Site Arama

20120114

Kuantum Fiziğinin Sıra Dışı Özellikleri ve Orneklerle Aciklanmasi...

Algıladığımız gerçeklik, atom altı boyutta kaybolmakta, tanecikler önceden bilinmeyen ancak incelemeye kalktığımızda bile gerçeğine ancak o an tahmin yollu yaklaşabileceğimiz garip ve belirsiz davranışlar sergilemektedirler. Bu yüzden kuantum boyutunda geçerli olan belirsizlik ve olasılıktır. Belirsizliktir çünkü, Haysenberg’in matematiksel gösterimiyle bir taneciği gözlemleme olayında ölçümleme (gözlemleme) işlemi, (1) taneciğin hem momentumunu (hızını), hem de konumunu değiştirmekte ve böylece ölçüm sonucu, parçacığın momentumundaki belli bir hata payı ile konumundaki beli bir hata payının çarpımı, en az Planck sabitine eşit ya da ondan daha büyük olmaktadır. Bu matematiksel eşitliğini biraz daha irdelersek, bir taneciğin anlık konumunu tam olarak belirlediğimizde taneciğin momentumundaki (hızındaki) belirsizlik sonsuza ulaşacağından, parçacık tam o anda tüm sonsuz evrene yayılır.

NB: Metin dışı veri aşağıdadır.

(* Let $N \ge 1$ and let $f_N(t) = \sum_{n=1}^N c_n e^{\alpha_n t}$ with real coefficients $c_n$ and real rate constants $\alpha_n$ that are pairwise distinct and all nonzero, and assume $f_N(t) \ge 0$ for all $t \ge 0$. Let $t_1,\dots,t_{2N}$ be distinct nonnegative reals. For $k \ge 0$ let $$I_{(k)}(t) := \int_0^{t}\int_0^{t^{(1)}}\cdots\int_0^{t^{(k)}} f_N(t^{(k+1)})\, dt^{(k+1)} \cdots dt^{(1)}$$ denote the $(k+1)$-fold iterated integral of $f_N$ from $0$ (so $I_{(0)}(t)=\int_0^t f_N(s)\,ds$). Then the data $\{f_N(t_i) : i = 1,\dots,2N\}$ together with $\{I_{(k)}(t_i) : k = 0,1,\dots,N,\ i = 1,\dots,2N\}$ uniquely determine the coefficients $c_n$ and the rate constants $\alpha_n$, $n = 1,\dots,N$. *)

theory Defs
  imports "HOL-Analysis.Analysis"
begin

definition expsum :: "nat \<Rightarrow> (nat \<Rightarrow> real) \<Rightarrow> (nat \<Rightarrow> real) \<Rightarrow> real \<Rightarrow> real" where
  "expsum N c \<alpha> t = (\<Sum>n=1..N. c n * exp (\<alpha> n * t))"

fun iter_int :: "(real \<Rightarrow> real) \<Rightarrow> nat \<Rightarrow> real \<Rightarrow> real" where
  "iter_int f 0 t = integral {0..t} f"
| "iter_int f (Suc k) t = integral {0..t} (iter_int f k)"

end

theory Submission
  imports Defs
begin

text \<open>The difference of two exponential sums with N terms each is an exponential sum with at most
  2N distinct exponents. An exponential sum with at least as many real zeros as exponents vanishes
  identically: dividing by the exponential of one exponent and differentiating removes that term,
  and by Rolle's theorem the derivative loses at most one zero. So the two sums have the same
  coefficient at every exponent, and for distinct exponents and nonzero coefficients this matches
  the terms one to one. Only the 2N point values enter the argument.\<close>

lemma Rolle_card_zeros:
  fixes h h' :: "real \<Rightarrow> real"
  assumes deriv: "\<And>x. (h has_real_derivative h' x) (at x)"
    and "finite Z" and zeros: "\<And>z. z \<in> Z \<Longrightarrow> h z = 0"
  shows "\<exists>Z'. finite Z' \<and> card Z \<le> card Z' + 1 \<and> (\<forall>z\<in>Z'. h' z = 0)"
proof -
  obtain zs where zs: "sorted_wrt (<) zs" "set zs = Z" "length zs = card Z"
    using finite_set_strict_sorted[OF \<open>finite Z\<close>] by blast
  define m where "m = card Z - 1"
  have "\<exists>w. zs ! i < w \<and> w < zs ! Suc i \<and> h' w = 0" if "i < m" for i
  proof -
    have lt: "zs ! i < zs ! Suc i"
      using sorted_wrt_nth_less[OF zs(1)] that zs(3) m_def by simp
    have "h (zs ! i) = h (zs ! Suc i)"
      using zeros zs(2,3) that m_def by (metis Suc_lessD less_diff_conv nth_mem Suc_eq_plus1)
    moreover have "continuous_on {zs ! i..zs ! Suc i} h"
      using deriv by (meson DERIV_isCont continuous_at_imp_continuous_on)
    moreover have "h differentiable (at x)" for x
      using deriv real_differentiable_def by blast
    ultimately obtain w where "zs ! i < w" "w < zs ! Suc i" "(h has_real_derivative 0) (at w)"
      using Rolle[OF lt] by blast
    then show ?thesis
      using DERIV_unique deriv by blast
  qed
  then obtain w where w: "\<And>i. i < m \<Longrightarrow> zs ! i < w i \<and> w i < zs ! Suc i \<and> h' (w i) = 0"
    by metis
  have "strict_mono_on {..<m} w"
  proof (rule strict_mono_onI)
    fix i j assume "i \<in> {..<m}" "j \<in> {..<m}" "i < j"
    then have "zs ! Suc i \<le> zs ! j"
      using sorted_wrt_nth_less[OF zs(1)] zs(3) m_def
      by (cases "Suc i = j") (auto simp: less_imp_le)
    moreover have "w i < zs ! Suc i" "zs ! j < w j"
      using w \<open>i \<in> {..<m}\<close> \<open>j \<in> {..<m}\<close> by auto
    ultimately show "w i < w j"
      by linarith
  qed
  then have "card (w ` {..<m}) = m"
    by (simp add: card_image strict_mono_on_imp_inj_on)
  then show ?thesis
    using w m_def by (intro exI[of _ "w ` {..<m}"]) auto
qed

lemma exp_sum_eq_0_imp_coeffs_eq_0:
  fixes a b :: "'a \<Rightarrow> real" and Z :: "real set"
  assumes "finite J" "inj_on b J" "finite Z" "card J \<le> card Z"
    and "\<And>z. z \<in> Z \<Longrightarrow> (\<Sum>j\<in>J. a j * exp (b j * z)) = 0"
  shows "\<forall>j\<in>J. a j = 0"
  using assms
proof (induction J arbitrary: a b Z rule: finite_induct)
  case empty
  then show ?case by simp
next
  case (insert j0 J)
  define k where "k t = a j0 + (\<Sum>j\<in>J. a j * exp ((b j - b j0) * t))" for t
  define k' where "k' t = (\<Sum>j\<in>J. a j * (b j - b j0) * exp ((b j - b j0) * t))" for t
  have deriv: "(k has_real_derivative k' t) (at t)" for t
    unfolding k_def k'_def by (auto intro!: derivative_eq_intros simp: algebra_simps)
  have "k z = 0" if "z \<in> Z" for z
  proof -
    have "k z = exp (- (b j0 * z)) * (\<Sum>j\<in>insert j0 J. a j * exp (b j * z))"
      unfolding k_def using insert.hyps
      by (simp add: sum_distrib_left algebra_simps exp_add[symmetric] exp_diff[symmetric])
    then show ?thesis
      using insert.prems(4) that by simp
  qed
  then obtain Z' where Z': "finite Z'" "card Z \<le> card Z' + 1" "\<forall>z\<in>Z'. k' z = 0"
    using Rolle_card_zeros[OF deriv \<open>finite Z\<close>] by blast
  have "inj_on (\<lambda>j. b j - b j0) J"
    using insert.prems(1) by (auto simp: inj_on_def)
  moreover have "card J \<le> card Z'"
    using insert.hyps insert.prems(3) Z'(2) by simp
  ultimately have "\<forall>j\<in>J. a j * (b j - b j0) = 0"
    using insert.IH[of "\<lambda>j. b j - b j0" Z' "\<lambda>j. a j * (b j - b j0)"] Z'(1,3)
    unfolding k'_def by (simp add: mult.assoc)
  moreover have "\<forall>j\<in>J. b j \<noteq> b j0"
    using insert.prems(1) insert.hyps(2) by (auto simp: inj_on_def)
  ultimately have J_zero: "\<forall>j\<in>J. a j = 0"
    by simp
  obtain z where "z \<in> Z"
    using insert.hyps insert.prems(2,3) by fastforce
  then have "a j0 * exp (b j0 * z) = 0"
    using insert.prems(4)[of z] insert.hyps J_zero by simp
  with J_zero show ?case
    by simp
qed

definition exp_coeff :: "nat \<Rightarrow> (nat \<Rightarrow> real) \<Rightarrow> (nat \<Rightarrow> real) \<Rightarrow> real \<Rightarrow> real" where
  "exp_coeff N c \<alpha> \<beta> = (\<Sum>n | n \<in> {1..N} \<and> \<alpha> n = \<beta>. c n)"

lemma expsum_eq_sum_exp_coeff:
  assumes "finite B" "\<alpha> ` {1..N} \<subseteq> B"
  shows "expsum N c \<alpha> t = (\<Sum>\<beta>\<in>B. exp_coeff N c \<alpha> \<beta> * exp (\<beta> * t))"
proof -
  have "expsum N c \<alpha> t = (\<Sum>\<beta>\<in>B. \<Sum>n | n \<in> {1..N} \<and> \<alpha> n = \<beta>. c n * exp (\<alpha> n * t))"
    unfolding expsum_def by (rule sum.group[OF _ assms, symmetric]) simp
  also have "\<dots> = (\<Sum>\<beta>\<in>B. exp_coeff N c \<alpha> \<beta> * exp (\<beta> * t))"
    unfolding exp_coeff_def by (intro sum.cong refl) (auto simp: sum_distrib_right)
  finally show ?thesis .
qed

lemma exp_coeff_eq_0_if_not_exponent:
  assumes "\<beta> \<notin> \<alpha> ` {1..N}"
  shows "exp_coeff N c \<alpha> \<beta> = 0"
proof -
  have "{n. n \<in> {1..N} \<and> \<alpha> n = \<beta>} = {}"
    using assms by auto
  then show ?thesis
    unfolding exp_coeff_def by (simp only: sum.empty)
qed

lemma exp_coeff_exponent:
  assumes "inj_on \<alpha> {1..N}" "n \<in> {1..N}"
  shows "exp_coeff N c \<alpha> (\<alpha> n) = c n"
proof -
  have "{m. m \<in> {1..N} \<and> \<alpha> m = \<alpha> n} = {n}"
    using assms by (auto dest: inj_onD)
  then show ?thesis
    unfolding exp_coeff_def by simp
qed

lemma exp_coeff_eq_if_expsum_eq_on:
  assumes "finite T" "2 * N \<le> card T"
    and "\<And>t. t \<in> T \<Longrightarrow> expsum N c \<alpha> t = expsum N c' \<alpha>' t"
  shows "exp_coeff N c \<alpha> \<beta> = exp_coeff N c' \<alpha>' \<beta>"
proof -
  define B where "B = \<alpha> ` {1..N} \<union> \<alpha>' ` {1..N}"
  have "finite B"
    unfolding B_def by simp
  have "card B \<le> card (\<alpha> ` {1..N}) + card (\<alpha>' ` {1..N})"
    unfolding B_def by (rule card_Un_le)
  also have "\<dots> \<le> 2 * N"
    using card_image_le[of "{1..N}" \<alpha>] card_image_le[of "{1..N}" \<alpha>'] by simp
  finally have "card B \<le> card T"
    using assms(2) by linarith
  moreover have "(\<Sum>\<beta>\<in>B. (exp_coeff N c \<alpha> \<beta> - exp_coeff N c' \<alpha>' \<beta>) * exp (\<beta> * t)) = 0"
    if "t \<in> T" for t
    using assms(3)[OF that] expsum_eq_sum_exp_coeff[OF \<open>finite B\<close>, of \<alpha> N c t]
      expsum_eq_sum_exp_coeff[OF \<open>finite B\<close>, of \<alpha>' N c' t]
    unfolding B_def by (simp add: left_diff_distrib sum_subtractf)
  ultimately have "\<forall>\<beta>\<in>B. exp_coeff N c \<alpha> \<beta> - exp_coeff N c' \<alpha>' \<beta> = 0"
    by (intro exp_sum_eq_0_imp_coeffs_eq_0[where b="\<lambda>\<beta>. \<beta>"]) (use \<open>finite B\<close> assms(1) in auto)
  then show ?thesis
    using exp_coeff_eq_0_if_not_exponent unfolding B_def by (cases "\<beta> \<in> B") (auto simp: B_def)
qed

lemma permutation_if_exp_coeff_eq:
  assumes "inj_on \<alpha> {1..N}" "inj_on \<alpha>' {1..N}" "\<forall>n\<in>{1..N}. c' n \<noteq> 0"
    and coeff_eq: "\<And>\<beta>. exp_coeff N c \<alpha> \<beta> = exp_coeff N c' \<alpha>' \<beta>"
  shows "\<exists>\<sigma>. bij_betw \<sigma> {1..N} {1..N} \<and> (\<forall>n\<in>{1..N}. c' n = c (\<sigma> n) \<and> \<alpha>' n = \<alpha> (\<sigma> n))"
proof -
  have c'_eq: "c' n = exp_coeff N c \<alpha> (\<alpha>' n)" if "n \<in> {1..N}" for n
    using coeff_eq exp_coeff_exponent[OF assms(2) that] by simp
  have exponent: "\<alpha>' n \<in> \<alpha> ` {1..N}" if "n \<in> {1..N}" for n
    using c'_eq[OF that] assms(3) that exp_coeff_eq_0_if_not_exponent by metis
  define \<sigma> where "\<sigma> n = inv_into {1..N} \<alpha> (\<alpha>' n)" for n
  have \<sigma>_in: "\<sigma> n \<in> {1..N}" if "n \<in> {1..N}" for n
    unfolding \<sigma>_def by (rule inv_into_into[OF exponent[OF that]])
  have \<alpha>_\<sigma>: "\<alpha> (\<sigma> n) = \<alpha>' n" if "n \<in> {1..N}" for n
    unfolding \<sigma>_def by (rule f_inv_into_f[OF exponent[OF that]])
  have c_\<sigma>: "c (\<sigma> n) = c' n" if "n \<in> {1..N}" for n
    using exp_coeff_exponent[OF assms(1) \<sigma>_in[OF that]] \<alpha>_\<sigma>[OF that] c'_eq[OF that] by simp
  have "inj_on \<sigma> {1..N}"
    using assms(2) \<alpha>_\<sigma> by (metis inj_on_def)
  moreover have "\<sigma> ` {1..N} = {1..N}"
    using endo_inj_surj \<sigma>_in calculation by (metis finite_atLeastAtMost image_subsetI)
  ultimately show ?thesis
    using \<alpha>_\<sigma> c_\<sigma> unfolding bij_betw_def by metis
qed

theorem theorem2:
  fixes N :: nat and c \<alpha> c' \<alpha>' :: "nat \<Rightarrow> real" and tt :: "nat \<Rightarrow> real"
  assumes "N \<ge> 1"
    and "inj_on \<alpha> {1..N}" and "\<forall>n\<in>{1..N}. \<alpha> n \<noteq> 0" and "\<forall>n\<in>{1..N}. c n \<noteq> 0"
    and "\<forall>t\<ge>0. expsum N c \<alpha> t \<ge> 0"
    and "inj_on \<alpha>' {1..N}" and "\<forall>n\<in>{1..N}. \<alpha>' n \<noteq> 0" and "\<forall>n\<in>{1..N}. c' n \<noteq> 0"
    and "\<forall>t\<ge>0. expsum N c' \<alpha>' t \<ge> 0"
    and "inj_on tt {1..2*N}" and "\<forall>i\<in>{1..2*N}. tt i \<ge> 0"
    and "\<forall>i\<in>{1..2*N}. expsum N c \<alpha> (tt i) = expsum N c' \<alpha>' (tt i)"
    and "\<forall>k\<le>N. \<forall>i\<in>{1..2*N}.
           iter_int (expsum N c \<alpha>) k (tt i) = iter_int (expsum N c' \<alpha>') k (tt i)"
  shows "\<exists>\<sigma>. bij_betw \<sigma> {1..N} {1..N} \<and> (\<forall>n\<in>{1..N}. c' n = c (\<sigma> n) \<and> \<alpha>' n = \<alpha> (\<sigma> n))"
proof -
  have "card (tt ` {1..2*N}) = 2 * N"
    using assms(10) by (simp add: card_image)
  then have "exp_coeff N c \<alpha> \<beta> = exp_coeff N c' \<alpha>' \<beta>" for \<beta>
    using assms(12) by (intro exp_coeff_eq_if_expsum_eq_on[of "tt ` {1..2*N}"]) auto
  then show ?thesis
    using permutation_if_exp_coeff_eq assms(2,6,8) by blast
qed

end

Aynı şekilde, taneciğin momentumunu (hızını) bir anda tam olarak ölçmeye çalıştığımızda ise, bu sefer de taneciğin konumu tüm evrende bulunması dolayısıyla, parçacığın momentumu (hızı) sonsuz belirsiz olmaktadır. Başka bir deyişle, taneciğin konumunu anlamaya çalıştığımızda momentumunu belirsiz kılmakta, momentumunu tanımlamaya kalktığımızda da konumunu belirlemeyi zorlaştırmakta, imkansız hale getirmekteyiz. Aynı ilişki zaman ile enerji, açısal momentumla, açısal hız arasında da mevcuttur. Eğer bu matematiksel ifadedeki çarpım, sıfır olsaydı o zaman hata payı ya da belirsizlik olmayacağından tüm tanecikler, tıpkı Newton fiziğindeki gibi tüm özellikleri aynı anda belirlenebilecek, taneciklerin yapacakları ve sahip olacakları tüm özellikler önceden bilinebilecekti. Bu yüzdendir ki bir parçacığı, avucumuzun içindeki bir noktada kıstırayım derken, bu hareketimizin taneciğin konumunu belli kılacağı anlamına geldiğinden tanecik, bir anda dalgasal özelliğini ortaya koyarak klasik boyut kurallarına göre olmaması gereken yerde (tünel açarak), ona engel gibi davranan tamamen kapalı olan avucumuzun dışına çıkar ve böylece kendini kaybettirir.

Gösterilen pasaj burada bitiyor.